▸ Work required:
Scan the entries below. Report each line where the string "lambda" occurs.

▸ Recorded information:
*** Begin section ***
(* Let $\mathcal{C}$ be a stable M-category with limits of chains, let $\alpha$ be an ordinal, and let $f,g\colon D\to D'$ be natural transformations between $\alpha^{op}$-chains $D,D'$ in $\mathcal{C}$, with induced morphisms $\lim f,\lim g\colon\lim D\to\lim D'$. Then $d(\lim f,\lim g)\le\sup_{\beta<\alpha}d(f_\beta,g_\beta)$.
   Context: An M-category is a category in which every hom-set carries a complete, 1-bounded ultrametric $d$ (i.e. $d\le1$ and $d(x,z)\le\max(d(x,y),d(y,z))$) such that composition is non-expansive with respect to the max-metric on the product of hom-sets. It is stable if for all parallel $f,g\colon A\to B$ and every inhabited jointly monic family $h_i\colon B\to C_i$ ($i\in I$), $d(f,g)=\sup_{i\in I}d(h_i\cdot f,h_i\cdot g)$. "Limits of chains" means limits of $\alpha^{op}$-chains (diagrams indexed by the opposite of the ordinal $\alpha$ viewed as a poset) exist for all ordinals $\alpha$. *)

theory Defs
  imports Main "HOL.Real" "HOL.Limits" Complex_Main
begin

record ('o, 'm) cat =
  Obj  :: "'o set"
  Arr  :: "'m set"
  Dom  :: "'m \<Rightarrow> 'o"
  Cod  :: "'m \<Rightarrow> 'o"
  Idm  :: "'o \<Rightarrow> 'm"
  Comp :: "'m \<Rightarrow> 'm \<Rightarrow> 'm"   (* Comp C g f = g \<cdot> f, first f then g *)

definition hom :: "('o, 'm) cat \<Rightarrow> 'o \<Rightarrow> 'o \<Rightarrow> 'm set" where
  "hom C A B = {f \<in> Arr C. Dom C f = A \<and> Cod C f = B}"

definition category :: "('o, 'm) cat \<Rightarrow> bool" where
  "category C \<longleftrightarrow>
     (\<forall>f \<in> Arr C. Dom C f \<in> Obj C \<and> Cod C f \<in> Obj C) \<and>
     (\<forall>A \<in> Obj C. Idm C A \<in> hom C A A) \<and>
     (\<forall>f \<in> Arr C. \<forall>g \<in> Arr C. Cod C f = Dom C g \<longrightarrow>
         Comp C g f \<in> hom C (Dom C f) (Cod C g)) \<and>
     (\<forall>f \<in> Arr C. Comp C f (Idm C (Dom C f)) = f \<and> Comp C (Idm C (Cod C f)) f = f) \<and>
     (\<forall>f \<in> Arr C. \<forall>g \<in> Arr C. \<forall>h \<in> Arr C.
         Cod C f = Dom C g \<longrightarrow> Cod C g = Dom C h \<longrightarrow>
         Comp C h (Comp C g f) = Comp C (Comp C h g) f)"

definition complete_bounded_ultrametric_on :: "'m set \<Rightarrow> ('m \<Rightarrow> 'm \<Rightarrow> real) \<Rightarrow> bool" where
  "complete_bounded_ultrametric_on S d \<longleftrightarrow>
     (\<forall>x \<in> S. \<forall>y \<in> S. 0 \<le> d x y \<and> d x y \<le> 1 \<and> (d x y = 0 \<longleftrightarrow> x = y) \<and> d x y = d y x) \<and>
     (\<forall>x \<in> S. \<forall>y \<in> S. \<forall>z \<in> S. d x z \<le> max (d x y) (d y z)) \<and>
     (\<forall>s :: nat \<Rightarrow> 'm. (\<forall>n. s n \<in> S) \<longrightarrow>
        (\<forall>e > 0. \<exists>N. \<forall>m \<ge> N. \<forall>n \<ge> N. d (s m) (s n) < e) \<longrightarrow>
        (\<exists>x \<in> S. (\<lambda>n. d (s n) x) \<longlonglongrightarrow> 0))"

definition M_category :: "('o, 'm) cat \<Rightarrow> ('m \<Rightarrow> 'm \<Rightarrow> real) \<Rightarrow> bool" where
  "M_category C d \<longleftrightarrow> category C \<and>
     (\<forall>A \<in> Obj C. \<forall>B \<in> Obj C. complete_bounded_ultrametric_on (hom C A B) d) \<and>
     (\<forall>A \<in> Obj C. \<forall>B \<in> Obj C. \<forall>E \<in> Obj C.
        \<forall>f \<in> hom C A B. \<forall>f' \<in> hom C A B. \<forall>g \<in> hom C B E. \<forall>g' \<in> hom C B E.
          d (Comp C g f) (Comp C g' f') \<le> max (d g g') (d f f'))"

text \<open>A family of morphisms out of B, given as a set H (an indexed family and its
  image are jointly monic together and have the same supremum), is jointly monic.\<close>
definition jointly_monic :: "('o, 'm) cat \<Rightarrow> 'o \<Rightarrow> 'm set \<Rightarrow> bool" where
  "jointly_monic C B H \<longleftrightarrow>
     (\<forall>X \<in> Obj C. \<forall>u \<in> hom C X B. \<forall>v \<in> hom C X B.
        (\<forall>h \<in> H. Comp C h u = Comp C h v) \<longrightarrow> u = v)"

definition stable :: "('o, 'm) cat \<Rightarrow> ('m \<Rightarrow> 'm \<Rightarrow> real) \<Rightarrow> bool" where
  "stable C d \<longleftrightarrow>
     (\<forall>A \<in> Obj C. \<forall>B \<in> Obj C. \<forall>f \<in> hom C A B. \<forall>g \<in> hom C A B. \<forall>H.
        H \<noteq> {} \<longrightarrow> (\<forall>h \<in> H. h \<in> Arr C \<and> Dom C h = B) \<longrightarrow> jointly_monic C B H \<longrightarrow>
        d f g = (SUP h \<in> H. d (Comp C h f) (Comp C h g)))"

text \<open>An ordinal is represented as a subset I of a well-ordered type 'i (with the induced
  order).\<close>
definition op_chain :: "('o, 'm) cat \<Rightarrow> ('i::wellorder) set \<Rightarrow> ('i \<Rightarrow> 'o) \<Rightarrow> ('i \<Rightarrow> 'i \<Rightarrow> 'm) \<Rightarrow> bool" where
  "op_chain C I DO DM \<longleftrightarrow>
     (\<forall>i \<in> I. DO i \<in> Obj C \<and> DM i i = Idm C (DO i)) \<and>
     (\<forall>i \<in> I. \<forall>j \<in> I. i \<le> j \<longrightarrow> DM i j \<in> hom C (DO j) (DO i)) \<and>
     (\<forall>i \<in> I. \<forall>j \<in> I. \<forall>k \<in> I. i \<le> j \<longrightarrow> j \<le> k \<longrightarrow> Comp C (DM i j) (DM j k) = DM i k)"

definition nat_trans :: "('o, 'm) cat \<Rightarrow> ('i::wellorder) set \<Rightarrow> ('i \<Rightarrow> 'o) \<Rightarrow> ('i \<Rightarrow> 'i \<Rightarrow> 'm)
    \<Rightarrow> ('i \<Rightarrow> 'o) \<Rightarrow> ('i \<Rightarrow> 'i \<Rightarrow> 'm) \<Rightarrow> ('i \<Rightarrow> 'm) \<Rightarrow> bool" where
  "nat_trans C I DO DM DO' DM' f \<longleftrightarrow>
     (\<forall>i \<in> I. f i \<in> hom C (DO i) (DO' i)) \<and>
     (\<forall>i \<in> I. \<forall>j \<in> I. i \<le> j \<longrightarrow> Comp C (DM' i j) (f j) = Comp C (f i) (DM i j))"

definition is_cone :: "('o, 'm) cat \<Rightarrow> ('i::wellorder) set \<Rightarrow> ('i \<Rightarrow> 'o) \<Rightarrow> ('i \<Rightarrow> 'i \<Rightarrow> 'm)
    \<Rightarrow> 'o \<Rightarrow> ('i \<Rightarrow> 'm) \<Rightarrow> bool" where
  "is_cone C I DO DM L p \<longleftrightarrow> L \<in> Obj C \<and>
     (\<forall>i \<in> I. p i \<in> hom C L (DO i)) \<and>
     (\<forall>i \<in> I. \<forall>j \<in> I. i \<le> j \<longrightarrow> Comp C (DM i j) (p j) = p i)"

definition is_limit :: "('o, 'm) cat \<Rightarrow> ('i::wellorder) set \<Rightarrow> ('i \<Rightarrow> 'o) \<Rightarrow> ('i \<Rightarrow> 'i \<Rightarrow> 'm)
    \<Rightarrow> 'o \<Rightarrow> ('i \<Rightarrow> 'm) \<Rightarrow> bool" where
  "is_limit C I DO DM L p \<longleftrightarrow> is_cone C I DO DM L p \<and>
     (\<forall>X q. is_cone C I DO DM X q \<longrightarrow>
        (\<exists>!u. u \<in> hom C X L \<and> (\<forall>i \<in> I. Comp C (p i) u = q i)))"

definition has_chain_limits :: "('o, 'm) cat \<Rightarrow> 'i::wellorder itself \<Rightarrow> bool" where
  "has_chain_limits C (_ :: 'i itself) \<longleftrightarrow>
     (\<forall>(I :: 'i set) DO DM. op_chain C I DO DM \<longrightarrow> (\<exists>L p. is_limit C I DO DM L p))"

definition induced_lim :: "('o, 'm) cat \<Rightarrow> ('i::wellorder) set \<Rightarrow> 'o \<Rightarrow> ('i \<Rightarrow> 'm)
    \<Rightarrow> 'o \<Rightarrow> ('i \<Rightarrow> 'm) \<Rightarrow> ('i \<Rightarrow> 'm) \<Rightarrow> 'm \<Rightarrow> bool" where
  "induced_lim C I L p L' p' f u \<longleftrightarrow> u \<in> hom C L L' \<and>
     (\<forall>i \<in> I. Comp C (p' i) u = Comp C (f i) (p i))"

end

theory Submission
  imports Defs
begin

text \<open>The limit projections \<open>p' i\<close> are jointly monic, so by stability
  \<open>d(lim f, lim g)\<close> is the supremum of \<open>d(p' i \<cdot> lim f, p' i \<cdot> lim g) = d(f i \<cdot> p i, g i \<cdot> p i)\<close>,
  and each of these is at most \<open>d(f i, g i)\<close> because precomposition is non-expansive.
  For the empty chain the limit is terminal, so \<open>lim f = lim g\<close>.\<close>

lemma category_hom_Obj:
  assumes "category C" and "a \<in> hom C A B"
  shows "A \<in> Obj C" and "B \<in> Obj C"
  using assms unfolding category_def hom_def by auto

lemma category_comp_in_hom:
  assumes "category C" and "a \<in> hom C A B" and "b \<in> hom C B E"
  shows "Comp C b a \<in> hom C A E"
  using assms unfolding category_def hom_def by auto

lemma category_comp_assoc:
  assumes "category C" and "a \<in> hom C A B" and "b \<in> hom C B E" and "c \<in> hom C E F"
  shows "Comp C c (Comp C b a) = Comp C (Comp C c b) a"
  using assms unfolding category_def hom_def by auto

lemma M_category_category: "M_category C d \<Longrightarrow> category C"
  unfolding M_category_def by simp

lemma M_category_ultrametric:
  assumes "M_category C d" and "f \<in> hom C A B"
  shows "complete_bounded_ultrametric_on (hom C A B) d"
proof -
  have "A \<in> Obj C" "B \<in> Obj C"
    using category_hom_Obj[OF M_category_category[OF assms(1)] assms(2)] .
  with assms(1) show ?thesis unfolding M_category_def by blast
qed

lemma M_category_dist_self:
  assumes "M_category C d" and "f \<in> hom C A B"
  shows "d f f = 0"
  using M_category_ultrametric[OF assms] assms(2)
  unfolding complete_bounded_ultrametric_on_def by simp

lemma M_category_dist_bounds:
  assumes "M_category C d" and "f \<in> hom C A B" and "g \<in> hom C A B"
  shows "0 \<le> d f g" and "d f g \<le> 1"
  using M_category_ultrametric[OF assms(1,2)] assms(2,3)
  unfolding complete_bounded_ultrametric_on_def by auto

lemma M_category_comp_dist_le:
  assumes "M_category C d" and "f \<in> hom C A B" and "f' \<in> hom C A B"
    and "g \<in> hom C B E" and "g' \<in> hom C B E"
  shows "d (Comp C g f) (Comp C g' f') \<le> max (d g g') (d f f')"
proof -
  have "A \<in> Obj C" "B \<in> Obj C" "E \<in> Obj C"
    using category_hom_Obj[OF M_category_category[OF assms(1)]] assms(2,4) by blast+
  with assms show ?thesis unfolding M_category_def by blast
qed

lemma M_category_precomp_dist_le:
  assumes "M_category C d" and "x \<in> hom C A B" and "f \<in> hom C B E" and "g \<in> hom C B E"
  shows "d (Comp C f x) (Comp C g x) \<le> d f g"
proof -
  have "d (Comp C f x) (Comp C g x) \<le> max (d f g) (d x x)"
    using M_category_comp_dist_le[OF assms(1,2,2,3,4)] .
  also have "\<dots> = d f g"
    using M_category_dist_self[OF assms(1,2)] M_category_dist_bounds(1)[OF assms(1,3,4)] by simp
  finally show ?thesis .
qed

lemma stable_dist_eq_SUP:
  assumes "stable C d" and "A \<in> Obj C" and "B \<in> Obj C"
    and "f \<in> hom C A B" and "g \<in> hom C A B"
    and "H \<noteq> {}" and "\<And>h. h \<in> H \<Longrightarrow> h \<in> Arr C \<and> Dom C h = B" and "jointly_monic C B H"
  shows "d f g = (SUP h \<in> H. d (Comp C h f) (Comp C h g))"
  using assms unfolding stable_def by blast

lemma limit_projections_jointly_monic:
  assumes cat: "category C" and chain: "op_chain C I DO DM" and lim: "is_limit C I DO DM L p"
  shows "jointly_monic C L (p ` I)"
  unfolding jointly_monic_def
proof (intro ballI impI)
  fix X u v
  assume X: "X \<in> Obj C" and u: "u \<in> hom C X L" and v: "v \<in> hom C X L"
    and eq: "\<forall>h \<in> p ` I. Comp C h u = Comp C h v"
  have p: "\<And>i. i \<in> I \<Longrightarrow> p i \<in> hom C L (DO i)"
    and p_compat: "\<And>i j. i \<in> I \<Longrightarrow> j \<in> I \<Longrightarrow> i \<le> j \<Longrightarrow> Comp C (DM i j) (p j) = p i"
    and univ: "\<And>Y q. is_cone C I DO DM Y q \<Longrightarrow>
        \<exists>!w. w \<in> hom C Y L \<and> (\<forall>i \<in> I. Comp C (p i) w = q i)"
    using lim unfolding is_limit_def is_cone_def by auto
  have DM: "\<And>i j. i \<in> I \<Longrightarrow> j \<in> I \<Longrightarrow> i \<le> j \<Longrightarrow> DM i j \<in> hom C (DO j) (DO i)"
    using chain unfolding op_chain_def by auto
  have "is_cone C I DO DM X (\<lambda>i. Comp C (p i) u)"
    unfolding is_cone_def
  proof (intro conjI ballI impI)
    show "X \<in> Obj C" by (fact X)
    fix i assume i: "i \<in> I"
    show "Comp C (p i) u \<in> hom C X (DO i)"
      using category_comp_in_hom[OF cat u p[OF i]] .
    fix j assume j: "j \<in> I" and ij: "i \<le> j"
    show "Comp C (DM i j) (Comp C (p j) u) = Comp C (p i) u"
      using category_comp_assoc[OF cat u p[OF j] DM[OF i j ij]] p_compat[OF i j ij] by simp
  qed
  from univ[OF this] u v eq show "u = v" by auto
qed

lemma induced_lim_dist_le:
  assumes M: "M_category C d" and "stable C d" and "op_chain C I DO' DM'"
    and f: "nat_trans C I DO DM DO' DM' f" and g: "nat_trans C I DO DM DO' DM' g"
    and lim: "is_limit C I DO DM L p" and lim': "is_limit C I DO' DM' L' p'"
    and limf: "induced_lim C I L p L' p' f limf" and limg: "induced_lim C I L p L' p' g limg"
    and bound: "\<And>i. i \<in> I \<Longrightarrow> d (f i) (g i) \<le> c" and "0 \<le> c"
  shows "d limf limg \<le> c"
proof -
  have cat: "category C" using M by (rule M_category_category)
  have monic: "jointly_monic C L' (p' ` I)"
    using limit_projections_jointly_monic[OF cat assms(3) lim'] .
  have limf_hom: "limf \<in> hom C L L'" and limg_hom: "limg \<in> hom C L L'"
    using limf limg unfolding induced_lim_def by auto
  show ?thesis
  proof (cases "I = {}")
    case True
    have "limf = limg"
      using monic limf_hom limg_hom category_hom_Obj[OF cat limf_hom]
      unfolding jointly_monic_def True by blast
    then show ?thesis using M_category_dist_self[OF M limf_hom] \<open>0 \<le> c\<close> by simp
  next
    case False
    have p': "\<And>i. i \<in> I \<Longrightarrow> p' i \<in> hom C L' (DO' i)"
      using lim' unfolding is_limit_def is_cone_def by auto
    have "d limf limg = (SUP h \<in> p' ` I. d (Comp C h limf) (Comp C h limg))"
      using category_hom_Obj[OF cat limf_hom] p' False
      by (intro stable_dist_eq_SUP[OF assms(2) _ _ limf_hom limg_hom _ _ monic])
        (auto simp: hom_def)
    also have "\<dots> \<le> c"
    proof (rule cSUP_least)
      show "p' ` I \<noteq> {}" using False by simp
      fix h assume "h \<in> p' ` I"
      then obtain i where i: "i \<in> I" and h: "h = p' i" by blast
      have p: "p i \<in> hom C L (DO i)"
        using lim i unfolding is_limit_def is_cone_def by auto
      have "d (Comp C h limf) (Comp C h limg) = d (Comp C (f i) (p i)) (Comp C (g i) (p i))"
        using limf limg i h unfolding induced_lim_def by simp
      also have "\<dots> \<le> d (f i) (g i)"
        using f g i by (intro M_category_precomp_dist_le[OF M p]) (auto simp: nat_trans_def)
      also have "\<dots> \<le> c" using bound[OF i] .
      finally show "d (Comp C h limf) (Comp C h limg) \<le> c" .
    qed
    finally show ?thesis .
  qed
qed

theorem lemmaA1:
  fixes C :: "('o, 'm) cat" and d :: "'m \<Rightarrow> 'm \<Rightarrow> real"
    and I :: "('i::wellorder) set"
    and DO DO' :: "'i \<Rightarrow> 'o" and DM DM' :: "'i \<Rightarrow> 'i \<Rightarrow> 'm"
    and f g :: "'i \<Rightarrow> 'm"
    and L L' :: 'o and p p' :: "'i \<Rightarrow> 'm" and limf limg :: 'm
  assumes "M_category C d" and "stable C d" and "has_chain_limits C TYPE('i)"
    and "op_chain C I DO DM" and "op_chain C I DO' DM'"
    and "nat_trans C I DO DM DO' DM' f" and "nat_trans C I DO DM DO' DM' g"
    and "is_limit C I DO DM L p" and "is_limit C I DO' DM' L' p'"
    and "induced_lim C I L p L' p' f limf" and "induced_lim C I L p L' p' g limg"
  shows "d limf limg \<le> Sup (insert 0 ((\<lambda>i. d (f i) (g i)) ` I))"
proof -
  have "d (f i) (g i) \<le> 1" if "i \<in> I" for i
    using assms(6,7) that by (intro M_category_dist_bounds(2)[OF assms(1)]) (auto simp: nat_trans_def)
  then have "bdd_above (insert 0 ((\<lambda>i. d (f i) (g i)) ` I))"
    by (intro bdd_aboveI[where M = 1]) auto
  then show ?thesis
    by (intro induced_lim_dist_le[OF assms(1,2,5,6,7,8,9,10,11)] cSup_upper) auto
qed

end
*** End section ***
▸ Solved exercise:
        (\<exists>x \<in> S. (\<lambda>n. d (s n) x) \<longlonglongrightarrow> 0))"
  have "is_cone C I DO DM X (\<lambda>i. Comp C (p i) u)"
  shows "d limf limg \<le> Sup (insert 0 ((\<lambda>i. d (f i) (g i)) ` I))"
  then have "bdd_above (insert 0 ((\<lambda>i. d (f i) (g i)) ` I))"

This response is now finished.